(* r is orthogonal to every coordinate: the past by hypothesis, e_0 by the choice of c,
   the future by independence. *)
lemma e_orth_r: "(\<integral>x. e l x * r x \<partial>M) = 0"
proof -
  have split: "(\<integral>x. e l x * r x \<partial>M) = (\<integral>x. e l x * m x \<partial>M) - c * (\<integral>x. e l x * e 0 x \<partial>M)"
  proof -
    have "(\<lambda>x. e l x * r x) = (\<lambda>x. e l x * m x - c * (e l x * e 0 x))"
      by (auto simp: r_def algebra_simps)
    then show ?thesis
      using square_integrable_mult[OF square_integrable_e square_integrable_m]
        square_integrable_mult[OF square_integrable_e square_integrable_e]
      by (simp add: Bochner_Integration.integral_diff)
  qed
  consider "l \<le> -1" | "l = 0" | "l \<ge> 1" by linarith
  then show ?thesis
  proof cases
    case 1
    have "(\<integral>x. r x * e l x \<partial>M) = 0"
      by (rule r_orth_past)
         (use 1 e_measurable_sigma_e[of l "{..-1}"] square_integrable_e in \<open>auto simp: in_L2_def\<close>)
    then show ?thesis by (simp add: mult.commute)
  next
    case 2
    then show ?thesis using split e_orthonormal[of 0 0] unfolding c_def by (simp add: mult.commute)
  next
    case 3
    have "(\<integral>x. e l x * m x \<partial>M) = (\<integral>x. e l x \<partial>M) * (\<integral>x. m x \<partial>M)"
      by (rule integral_mult_indep[of "{l}" "{..0}"])
         (use 3 m_measurable_F0 e_integrable square_integrable_integrable[OF square_integrable_m]
           in auto)
    then show ?thesis using split e_orthonormal[of l 0] 3 e_mean by simp
  qed
qed

lemma square_integrable_r_funpow: "square_integrable M (\<lambda>x. r ((T ^^ j) x))"
  by (rule measure_preserving_square_integrable[OF measure_preserving_funpow[OF T_mp]
        square_integrable_r])

(* By stationarity, every shifted residual is orthogonal to every coordinate. *)
lemma e_orth_r_funpow: "(\<integral>x. e k x * r ((T ^^ j) x) \<partial>M) = 0"
proof -
  have "(\<integral>x. e k x * r ((T ^^ j) x) \<partial>M) = (\<integral>x. e (k - int j) ((T ^^ j) x) * r ((T ^^ j) x) \<partial>M)"
    by (rule Bochner_Integration.integral_cong) (auto simp: e_funpow_T)
  also have "\<dots> = (\<integral>x. e (k - int j) x * r x \<partial>M)"
    by (rule measure_preserving_integral[OF measure_preserving_funpow[OF T_mp]
          borel_measurable_integrable[OF square_integrable_mult[OF square_integrable_e
          square_integrable_r]]])
  also have "\<dots> = 0" by (rule e_orth_r)
  finally show ?thesis .
qed

(* r is a martingale difference: it is orthogonal to its shifted copies r o T^d, d >= 1,
   because r o T^{-d} is F_{-1}-measurable. *)
lemma r_orth_shift: "d \<ge> 1 \<Longrightarrow> (\<integral>x. r x * r ((T ^^ d) x) \<partial>M) = 0"
proof -
  assume d: "d \<ge> 1"
  have Tinv_d: "measure_preserving M (Tinv ^^ d)"
    by (rule measure_preserving_funpow) (use Tinv_mp in \<open>simp add: Tinv_def\<close>)
  have sq_r_Tinv: "square_integrable M (\<lambda>x. r ((Tinv ^^ d) x))"
    by (rule measure_preserving_square_integrable[OF Tinv_d square_integrable_r])
  have "(\<integral>x. r x * r ((T ^^ d) x) \<partial>M) = (\<integral>x. r ((Tinv ^^ d) x) * r ((T ^^ d) ((Tinv ^^ d) x)) \<partial>M)"
    by (rule measure_preserving_integral[OF Tinv_d borel_measurable_integrable[OF
          square_integrable_mult[OF square_integrable_r square_integrable_r_funpow]], symmetric])
  also have "\<dots> = (\<integral>x. r x * r ((Tinv ^^ d) x) \<partial>M)"
    by (rule Bochner_Integration.integral_cong) (auto simp: funpow_T_Tinv)
  also have "\<dots> = 0"
  proof (rule r_orth_past)
    have "(\<lambda>x. r ((Tinv ^^ d) x)) \<in> borel_measurable (sigma_e {..- int d})"
      using funpow_Tinv_measurable_sigma_e[of d "- int d"] r_measurable_F0
      by (simp add: measurable_compose)
    then show "(\<lambda>x. r ((Tinv ^^ d) x)) \<in> borel_measurable (sigma_e {..-1})"
      by (rule measurable_sigma_e_mono[rotated]) (use d in auto)
    show "integrable M (\<lambda>x. (r ((Tinv ^^ d) x))\<^sup>2)"
      using sq_r_Tinv by (simp add: in_L2_def)
  qed
  finally show ?thesis .
qed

◇ ◇ ◇ ◇ ◇

What you should output is every line of the records above, from the first through the line containing "(\<lambda>x. r ((T ^^", unchanged.

SOLUTION>
(* r is orthogonal to every coordinate: the past by hypothesis, e_0 by the choice of c,
   the future by independence. *)
lemma e_orth_r: "(\<integral>x. e l x * r x \<partial>M) = 0"
proof -
  have split: "(\<integral>x. e l x * r x \<partial>M) = (\<integral>x. e l x * m x \<partial>M) - c * (\<integral>x. e l x * e 0 x \<partial>M)"
  proof -
    have "(\<lambda>x. e l x * r x) = (\<lambda>x. e l x * m x - c * (e l x * e 0 x))"
      by (auto simp: r_def algebra_simps)
    then show ?thesis
      using square_integrable_mult[OF square_integrable_e square_integrable_m]
        square_integrable_mult[OF square_integrable_e square_integrable_e]
      by (simp add: Bochner_Integration.integral_diff)
  qed
  consider "l \<le> -1" | "l = 0" | "l \<ge> 1" by linarith
  then show ?thesis
  proof cases
    case 1
    have "(\<integral>x. r x * e l x \<partial>M) = 0"
      by (rule r_orth_past)
         (use 1 e_measurable_sigma_e[of l "{..-1}"] square_integrable_e in \<open>auto simp: in_L2_def\<close>)
    then show ?thesis by (simp add: mult.commute)
  next
    case 2
    then show ?thesis using split e_orthonormal[of 0 0] unfolding c_def by (simp add: mult.commute)
  next
    case 3
    have "(\<integral>x. e l x * m x \<partial>M) = (\<integral>x. e l x \<partial>M) * (\<integral>x. m x \<partial>M)"
      by (rule integral_mult_indep[of "{l}" "{..0}"])
         (use 3 m_measurable_F0 e_integrable square_integrable_integrable[OF square_integrable_m]
           in auto)
    then show ?thesis using split e_orthonormal[of l 0] 3 e_mean by simp
  qed
qed

lemma square_integrable_r_funpow: "square_integrable M (\<lambda>x. r ((T ^^ j) x))"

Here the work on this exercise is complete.